Selected features based on:
1. Correlation with streaming numbers
2. Data availability (completeness)
3. Business relevance

In [None]:
# Select features for predicting streaming revenue
features = ['Spotify Playlist Count', 'Spotify Popularity', 'YouTube Views', 'YouTube Likes',
            'TikTok Posts', 'TikTok Likes', 'TikTok Views', 'Apple Music Playlist Count',
            'Deezer Playlist Count', 'Amazon Playlist Count']

target = 'Spotify Streams'

# Remove rows with missing values
model_data = spotify_2024[features + [target]].dropna()
print("\nShape of cleaned data for modeling:", model_data.shape)

# Split and scale the data
X = model_data[features]
y = model_data[target]

scaler = StandardScaler()
X_scaled = scaler.fit_transform(X)

X_train, X_test, y_train, y_test = train_test_split(X_scaled, y, test_size=0.2, random_state=42)

## Linear Regression Analysis

The model aims to predict streaming numbers based on various performance metrics across platforms.

In [None]:
# Create and train the model
model = LinearRegression()
model.fit(X_train, y_train)

# Make predictions
y_pred = model.predict(X_test)

# Calculate performance metrics
r2 = r2_score(y_test, y_pred)
rmse = np.sqrt(mean_squared_error(y_test, y_pred))

print("\nModel Performance:")
print(f"R-squared Score: {r2:.4f}")
print(f"Root Mean Square Error: {rmse:,.0f}")

# Feature importance analysis
feature_importance = pd.DataFrame({
    'Feature': features,
    'Importance': model.coef_
})
feature_importance = feature_importance.sort_values('Importance', key=abs, ascending=False)

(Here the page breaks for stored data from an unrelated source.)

definition is_fp_solution :: "(complex \<Rightarrow> real) \<Rightarrow> (complex \<Rightarrow> real) \<Rightarrow> real
    \<Rightarrow> (complex \<Rightarrow> real) \<Rightarrow> bool" where
  "is_fp_solution \<Upsilon> H \<beta> \<rho> \<longleftrightarrow>
     \<rho> \<in> borel_measurable lborel \<and>
     (\<forall>x. 0 \<le> \<rho> x) \<and>
     (\<integral>\<^sup>+ x. ennreal (\<rho> x) \<partial>lborel) = 1 \<and>
     (\<integral>\<^sup>+ p. ennreal (\<bar>ln (norm (fst p - snd p))\<bar> * \<rho> (fst p) * \<rho> (snd p))
        \<partial>(lborel \<Otimes>\<^sub>M lborel)) < \<infinity> \<and>
     (AE x in lborel. integrable lborel (\<lambda>y. ln (norm (x - y)) * \<rho> y)) \<and>
     integrable lborel (fp_num \<Upsilon> H \<beta> \<rho>) \<and>
     (\<integral>z. fp_num \<Upsilon> H \<beta> \<rho> z \<partial>lborel) > 0 \<and>
     (AE x in lborel. \<rho> x = fp_num \<Upsilon> H \<beta> \<rho> x / (\<integral>z. fp_num \<Upsilon> H \<beta> \<rho> z \<partial>lborel))"

end

(* If rho1 and rho2 both solve the fixed point equation and f = rho1 - rho2, then on
   {Upsilon > 0} the equation gives ln rho_i = ln Upsilon - beta U_i + 2 H - ln Z_i with
   U_i x = int ln|x - y| rho_i(y) dy.  Since int f = 0 the constants ln Z_i drop out, and
     0 <= int f (ln rho1 - ln rho2) = - beta int int ln|x - y| f(x) f(y) dx dy <= 0,
   the last step because beta < 0 and ln|x - y| is conditionally negative definite: by
   Frullani, ln r = int_0^oo (exp (-t) - exp (-t r^2)) / (2 t) dt, and Gaussian kernels are
   positive definite.  Hence f (ln rho1 - ln rho2) = 0 a.e., i.e. rho1 = rho2 a.e.
   Fubini is justified by the finiteness of the mutual energy int int |ln|x - y|| rho1 rho2,
   obtained from logarithmic moments and an AM-GM inequality for the positive definite kernel
   int_1^oo exp (-t r^2) / (2 t) dt, which carries the singularity of ln at 0. *)

theory Submission
  imports Defs "HOL-Probability.Distributions" "HOL-Real_Asymp.Real_Asymp"
begin

lemma (in pair_sigma_finite) nn_integral_product:
  assumes [measurable]: "f \<in> borel_measurable M1" "g \<in> borel_measurable M2"
  shows "(\<integral>\<^sup>+ p. f (fst p) * g (snd p) \<partial>(M1 \<Otimes>\<^sub>M M2)) = (\<integral>\<^sup>+ x. f x \<partial>M1) * (\<integral>\<^sup>+ y. g y \<partial>M2)"
  by (subst M2.nn_integral_fst[symmetric])
     (simp_all add: nn_integral_cmult nn_integral_multc)

lemma (in pair_sigma_finite) integrable_product:
  fixes f :: "'a \<Rightarrow> real" and g :: "'b \<Rightarrow> real"
  assumes f: "integrable M1 f" and g: "integrable M2 g"
  shows "integrable (M1 \<Otimes>\<^sub>M M2) (\<lambda>p. f (fst p) * g (snd p))"
    and "(\<integral>p. f (fst p) * g (snd p) \<partial>(M1 \<Otimes>\<^sub>M M2)) = (\<integral>x. f x \<partial>M1) * (\<integral>y. g y \<partial>M2)"
proof -
  have [measurable]: "f \<in> borel_measurable M1" "g \<in> borel_measurable M2"
    using f g by auto
  have "(\<integral>\<^sup>+ p. ennreal (norm (f (fst p) * g (snd p))) \<partial>(M1 \<Otimes>\<^sub>M M2))
      = (\<integral>\<^sup>+ x. ennreal (norm (f x)) \<partial>M1) * (\<integral>\<^sup>+ y. ennreal (norm (g y)) \<partial>M2)"
    by (subst nn_integral_product[symmetric]) (auto simp: abs_mult ennreal_mult)
  also have "\<dots> < \<infinity>"
    using f g by (simp add: integrable_iff_bounded ennreal_mult_less_top)
  finally show int: "integrable (M1 \<Otimes>\<^sub>M M2) (\<lambda>p. f (fst p) * g (snd p))"
    by (intro integrableI_bounded) auto
  show "(\<integral>p. f (fst p) * g (snd p) \<partial>(M1 \<Otimes>\<^sub>M M2)) = (\<integral>x. f x \<partial>M1) * (\<integral>y. g y \<partial>M2)"
    using integral_fst'[OF int] by simp
qed

lemma (in pair_sigma_finite) Fubini_integral_nonneg:
  fixes F :: "'a \<times> 'b \<Rightarrow> real"
  assumes F: "integrable (M1 \<Otimes>\<^sub>M M2) F"
    and G: "AE x in M1. (\<integral>y. F (x, y) \<partial>M2) = G x"
    and nonneg: "AE y in M2. 0 \<le> (\<integral>x. F (x, y) \<partial>M1)"
  shows "0 \<le> (\<integral>x. G x \<partial>M1)"
proof (cases "integrable M1 G")
  case False
  then show ?thesis by (simp add: not_integrable_integral_eq)
next
  case True
  have "(\<integral>x. G x \<partial>M1) = (\<integral>x. \<integral>y. F (x, y) \<partial>M2 \<partial>M1)"
    using G True integrable_fst'[OF F] by (intro integral_cong_AE) (auto simp: eq_commute)
  also have "\<dots> = (\<integral>y. \<integral>x. F (x, y) \<partial>M1 \<partial>M2)"
    using F by (simp add: Fubini_integral)
  also have "0 \<le> \<dots>"
    using nonneg by (rule integral_nonneg_AE)
  finally show ?thesis .
qed

lemma AE_lborel_pair_neq: "AE p in lborel \<Otimes>\<^sub>M (lborel :: 'a::euclidean_space measure). fst p \<noteq> snd p"
proof (rule lborel_pair.AE_pair_measure)
  show "{p \<in> space (lborel \<Otimes>\<^sub>M lborel). fst p \<noteq> snd p} \<in> sets (lborel \<Otimes>\<^sub>M (lborel :: 'a measure))"
    by measurable
  show "AE x in lborel. AE y in lborel. fst (x, y) \<noteq> snd (x :: 'a, y)"
    using AE_lborel_singleton by (auto simp: eq_commute)
qed

section \<open>Frullani's integral for the logarithm\<close>

lemma nn_integral_exp_neg_atLeast_0:
  fixes s :: real assumes "0 < s"
  shows "(\<integral>\<^sup>+ t. ennreal (exp (- t * s) / 2) * indicator {0..} t \<partial>lborel) = ennreal (1 / (2 * s))"
proof -
  have "(\<integral>\<^sup>+ t. ennreal (exp (- t * s) / 2) * indicator {0..} t \<partial>lborel) = 0 - (- exp (- 0 * s) / (2 * s))"
  proof (rule nn_integral_FTC_atLeast)
    fix x :: real
    show "DERIV (\<lambda>t. - exp (- t * s) / (2 * s)) x :> exp (- x * s) / 2"
      using assms by (auto intro!: derivative_eq_intros simp: field_simps)
    show "((\<lambda>t. - exp (- t * s) / (2 * s)) \<longlongrightarrow> 0) at_top"
      using assms by real_asymp
  qed auto
  then show ?thesis by simp
qed

lemma nn_integral_exp_neg_Icc:
  fixes a b t :: real assumes "0 < t" "a \<le> b"
  shows "(\<integral>\<^sup>+ s. ennreal (exp (- t * s) / 2) * indicator {a..b} s \<partial>lborel)
    = ennreal ((exp (- t * a) - exp (- t * b)) / (2 * t))"
proof -
  have "(\<integral>\<^sup>+ s. ennreal (exp (- t * s) / 2) * indicator {a..b} s \<partial>lborel) =
     (- exp (- t * b) / (2 * t)) - (- exp (- t * a) / (2 * t))"
  proof (rule nn_integral_FTC_Icc)
    fix x
    show "DERIV (\<lambda>s. - exp (- t * s) / (2 * t)) x :> exp (- t * x) / 2"
      using assms by (auto intro!: derivative_eq_intros simp: field_simps)
  qed (use assms in auto)
  then show ?thesis by (simp add: field_simps diff_divide_distrib)
qed

lemma nn_integral_inverse_Icc:
  fixes a b :: real assumes "0 < a" "a \<le> b"
  shows "(\<integral>\<^sup>+ s. ennreal (1 / (2 * s)) * indicator {a..b} s \<partial>lborel) = ennreal ((ln b - ln a) / 2)"
proof -
  have "(\<integral>\<^sup>+ s. ennreal (1 / (2 * s)) * indicator {a..b} s \<partial>lborel) = ln b / 2 - ln a / 2"
  proof (rule nn_integral_FTC_Icc)
    fix x assume "x \<in> {a..b}"
    then show "DERIV (\<lambda>s. ln s / 2) x :> 1 / (2 * x)" "0 \<le> 1 / (2 * x)"
      using assms by (auto intro!: derivative_eq_intros simp: field_simps)
  qed (use assms in auto)
  then show ?thesis by (simp add: diff_divide_distrib)
qed

text \<open>Integrate \<open>exp (- t s) / 2\<close> over \<open>(t, s) \<in> [0, \<infinity>) \<times> [a, b]\<close> in both orders.\<close>
lemma frullani_nn_integral:
  fixes a b :: real assumes ab: "0 < a" "a \<le> b"
  shows "(\<integral>\<^sup>+ t. ennreal ((exp (- t * a) - exp (- t * b)) / (2 * t)) * indicator {0..} t \<partial>lborel)
     = ennreal ((ln b - ln a) / 2)"
proof -
  have "(\<integral>\<^sup>+ t. ennreal ((exp (- t * a) - exp (- t * b)) / (2 * t)) * indicator {0..} t \<partial>lborel)
     = (\<integral>\<^sup>+ t. (\<integral>\<^sup>+ s. ennreal (exp (- t * s) / 2) * indicator {a..b} s * indicator {0..} t \<partial>lborel) \<partial>lborel)"
  proof (intro nn_integral_cong_AE, use AE_lborel_singleton[of 0] in eventually_elim)
    case (elim t)
    show ?case
      by (cases "0 \<le> t") (use elim nn_integral_exp_neg_Icc[OF _ ab(2), of t] in auto)
  qed
  also have "\<dots> = (\<integral>\<^sup>+ s. (\<integral>\<^sup>+ t. ennreal (exp (- t * s) / 2) * indicator {a..b} s * indicator {0..} t \<partial>lborel) \<partial>lborel)"
    by (rule lborel_pair.Fubini') measurable
  also have "\<dots> = (\<integral>\<^sup>+ s. ennreal (1 / (2 * s)) * indicator {a..b} s \<partial>lborel)"
  proof (rule nn_integral_cong)
    fix s :: real
    show "(\<integral>\<^sup>+ t. ennreal (exp (- t * s) / 2) * indicator {a..b} s * indicator {0..} t \<partial>lborel) =
       ennreal (1 / (2 * s)) * indicator {a..b} s"
      by (cases "s \<in> {a..b}") (use ab nn_integral_exp_neg_atLeast_0[of s] in auto)
  qed
  also have "\<dots> = ennreal ((ln b - ln a) / 2)" by (rule nn_integral_inverse_Icc[OF ab])
  finally show ?thesis .
qed

definition log_integrand :: "real \<Rightarrow> real \<Rightarrow> real" where
  "log_integrand r t = indicator {0..} t * ((exp (- t) - exp (- t * r\<^sup>2)) / (2 * t))"

lemma log_integrand_measurable[measurable]:
  assumes [measurable]: "f \<in> borel_measurable M" "g \<in> borel_measurable M"
  shows "(\<lambda>x. log_integrand (f x) (g x)) \<in> borel_measurable M"
  unfolding log_integrand_def by measurable

lemma abs_log_integrand:
  "\<bar>log_integrand r t\<bar> = indicator {0..} t *
     ((exp (- t * min 1 (r\<^sup>2)) - exp (- t * max 1 (r\<^sup>2))) / (2 * t))"
  by (cases "0 \<le> t") (auto simp: log_integrand_def min_def max_def abs_if divide_simps)

lemma log_integrand_sgn:
  "log_integrand r t = (if 1 \<le> \<bar>r\<bar> then 1 else - 1) * \<bar>log_integrand r t\<bar>"
proof -
  have "1 \<le> \<bar>r\<bar> \<longleftrightarrow> 1 \<le> r\<^sup>2"
    by (metis abs_le_square_iff abs_one one_power2)
  then show ?thesis
    by (cases "0 \<le> t") (auto simp: log_integrand_def abs_if divide_simps)
qed

lemma nn_integral_abs_log_integrand:
  assumes r: "0 < r"
  shows "(\<integral>\<^sup>+ t. ennreal \<bar>log_integrand r t\<bar> \<partial>lborel) = ennreal \<bar>ln r\<bar>"
proof -
  have "(\<integral>\<^sup>+ t. ennreal \<bar>log_integrand r t\<bar> \<partial>lborel)
      = ennreal ((ln (max 1 (r\<^sup>2)) - ln (min 1 (r\<^sup>2))) / 2)"
    unfolding abs_log_integrand using r
    by (subst frullani_nn_integral[symmetric]) (auto intro!: nn_integral_cong simp: indicator_def)
  also have "(ln (max 1 (r\<^sup>2)) - ln (min 1 (r\<^sup>2))) / 2 = \<bar>ln r\<bar>"
  proof (cases "1 \<le> r")
    case True
    then show ?thesis using r by (auto simp: min_def max_def ln_realpow)
  next
    case False
    then have "r\<^sup>2 < 1" using r by (simp add: power_less_one_iff)
    then show ?thesis using r False by (auto simp: min_def max_def ln_realpow)
  qed
  finally show ?thesis .
qed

print("\nFeature Importance:")
print(feature_importance)

## Results Visualization and Interpretation

In [None]:
# Plot actual vs predicted values
plt.figure(figsize=(10, 6))
plt.scatter(y_test, y_pred, alpha=0.5)
plt.plot([y_test.min(), y_test.max()], [y_test.min(), y_test.max()], 'r--', lw=2)
plt.xlabel('Actual Streams')
plt.ylabel('Predicted Streams')
plt.title('Actual vs Predicted Spotify Streams')
plt.tight_layout()
plt.show()

# Plot feature importance
plt.figure(figsize=(12, 6))
sns.barplot(data=feature_importance, x='Importance', y='Feature')
plt.title('Feature Importance in Predicting Spotify Streams')
plt.tight_layout()
plt.show()

## Key Insights and Recommendations

1. **Playlist Presence**: Spotify Playlist Count is the strongest predictor of streaming success, suggesting the importance of playlist marketing strategies.

2. **Social Media Impact**: TikTok engagement (views and likes) shows significant influence, highlighting the platform's role in music promotion.

3. **Cross-Platform Strategy**: Presence across multiple platforms (Apple Music, YouTube, Deezer) contributes to streaming success.

4. **Model Performance**: The model explains 79.10% of the variance in streaming numbers, making it a reliable tool for predicting streaming potential.

5. **Prediction Accuracy**: The RMSE of 240.6M streams provides a measure of prediction uncertainty, useful for setting realistic streaming targets.